[Entries taken from a collection]
=====

lemma LL_in_W2space:
  assumes "\<rho> \<in> W2space" and t: "0 \<le> t" "t \<le> 1" and d: "0 \<le> d"
  shows "LL d t \<rho> \<in> W2space"
proof -
  have \<rho>: "prob_space \<rho>" "sets \<rho> = sets borel" and moment: "(\<integral>\<^sup>+x. ennreal ((norm x)\<^sup>2) \<partial>\<rho>) < top"
    using assms(1) by (simp_all add: W2space_def)
  define K where "K = t * d + 2 * ((1 - t) * d)"
  have weights: "0 \<le> t * d" "0 \<le> (1 - t) * d"
    using t d by simp_all
  have pointwise: "t * d * sign_mean (\<lambda>s r. (norm (both_coords s r x))\<^sup>2)
      + (1 - t) * d * sign_mean (\<lambda>s r. (norm (first_coord s r x))\<^sup>2)
      + (1 - t) * d * sign_mean (\<lambda>s r. (norm (second_coord s r x))\<^sup>2) \<le> K * ((norm x)\<^sup>2 + 4)" for x
    using mult_left_mono[OF sign_mean_norm_sq_coords(1)[of x] weights(1)]
      mult_left_mono[OF sign_mean_norm_sq_coords(2)[of x] weights(2)]
      mult_left_mono[OF sign_mean_norm_sq_coords(3)[of x] weights(2)]
    by (simp add: K_def algebra_simps)
  have "(\<integral>\<^sup>+x. ennreal ((norm x)\<^sup>2) \<partial>LL d t \<rho>)
      = (\<integral>\<^sup>+x. ennreal (t * d * sign_mean (\<lambda>s r. (norm (both_coords s r x))\<^sup>2)
        + (1 - t) * d * sign_mean (\<lambda>s r. (norm (first_coord s r x))\<^sup>2)
        + (1 - t) * d * sign_mean (\<lambda>s r. (norm (second_coord s r x))\<^sup>2)) \<partial>\<rho>)"
    unfolding LL_eq_LL_gen
    using nn_integral_norm_sq_LL_gen[OF \<rho> odd_term_coords linear_id weights weights(2)]
    by (simp add: id_def)
  also have "\<dots> \<le> (\<integral>\<^sup>+x. ennreal K * (ennreal ((norm x)\<^sup>2) + 4) \<partial>\<rho>)"
    using weights by (intro nn_integral_mono order_trans[OF ennreal_leI[OF pointwise]])
      (simp add: K_def ennreal_mult ennreal_plus)
  also have "\<dots> = ennreal K * ((\<integral>\<^sup>+x. ennreal ((norm x)\<^sup>2) \<partial>\<rho>) + 4)"
    using \<rho> by (simp add: nn_integral_cmult nn_integral_add prob_space.emeasure_space_1
        measurable_cong_sets[OF \<rho>(2) refl])
  also have "\<dots> < top"
    using moment by (simp add: ennreal_mult_less_top)
  finally show ?thesis
    using \<rho> weights by (simp add: W2space_def LL_eq_LL_gen prob_space_LL_gen odd_term_coords)
qed

section \<open>The synchronous coupling\<close>

definition sync :: "(real \<Rightarrow> real \<Rightarrow> 'a \<Rightarrow> 'b) \<Rightarrow> real \<Rightarrow> real \<Rightarrow> 'a \<times> 'a \<Rightarrow> 'b \<times> 'b" where
  "sync g s r z = (g s r (fst z), g s r (snd z))"

lemma odd_term_sync:
  fixes g :: "real \<Rightarrow> real \<Rightarrow> 'a::second_countable_topology \<Rightarrow> 'b::euclidean_space"
  assumes "odd_term g"
  shows "odd_term (sync g)"
proof -
  have G: "(\<lambda>(x, s, r). g s r x) \<in> borel_measurable borel"
    using assms by (simp add: odd_term_def)
  have "(\<lambda>p. (fst (fst p), snd p)) \<in> borel_measurable (borel :: (('a \<times> 'a) \<times> real \<times> real) measure)"
    "(\<lambda>p. (snd (fst p), snd p)) \<in> borel_measurable (borel :: (('a \<times> 'a) \<times> real \<times> real) measure)"
    by (intro borel_measurable_continuous_onI continuous_intros)+
  from measurable_compose[OF this(1) G] measurable_compose[OF this(2) G]
  have "(\<lambda>(z, s, r). sync g s r z) \<in> borel_measurable (borel :: (('a \<times> 'a) \<times> real \<times> real) measure)"
    unfolding sync_def borel_prod[symmetric] by (simp add: split_beta')
  with assms show ?thesis
    by (simp add: odd_term_def sync_def)
qed

definition sync_coupling :: "real \<Rightarrow> real \<Rightarrow> (pt \<times> pt) measure \<Rightarrow> (pt \<times> pt) measure" where
  "sync_coupling d t C = LL_gen (t * d) ((1 - t) * d) ((1 - t) * d)
    (sync both_coords) (sync first_coord) (sync second_coord) C"

lemma sync_coupling_couplings:
  assumes "C \<in> couplings \<rho> \<nu>"
  shows "sync_coupling d t C \<in> couplings (LL d t \<rho>) (LL d t \<nu>)"
proof -
  have C: "prob_space C" "sets C = sets borel"
    and marginals: "distr C borel fst = \<rho>" "distr C borel snd = \<nu>"
    using assms by (auto simp: couplings_def)
  note odd = odd_term_coords odd_term_sync[OF odd_term_coords(1)] odd_term_sync[OF odd_term_coords(2)]
    odd_term_sync[OF odd_term_coords(3)]
  have "distr (sync_coupling d t C) borel fst = LL d t \<rho>"
    "distr (sync_coupling d t C) borel snd = LL d t \<nu>"
    unfolding sync_coupling_def LL_eq_LL_gen marginals[symmetric]
    by (intro distr_LL_gen C odd linear_fst linear_snd measurable_fst measurable_snd;
        simp add: sync_def borel_prod[symmetric])+
  moreover have "prob_space (sync_coupling d t C)"
    unfolding sync_coupling_def by (intro prob_space_LL_gen C odd)
  ultimately show ?thesis
    by (simp add: couplings_def sync_coupling_def)
qed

=====

→ DESCRIPTION OF THE TASK
Copy out each line of the records above that includes "where".

→ WRITTEN SOLUTION
  define K where "K = t * d + 2 * ((1 - t) * d)"
definition sync :: "(real \<Rightarrow> real \<Rightarrow> 'a \<Rightarrow> 'b) \<Rightarrow> real \<Rightarrow> real \<Rightarrow> 'a \<times> 'a \<Rightarrow> 'b \<times> 'b" where
definition sync_coupling :: "real \<Rightarrow> real \<Rightarrow> (pt \<times> pt) measure \<Rightarrow> (pt \<times> pt) measure" where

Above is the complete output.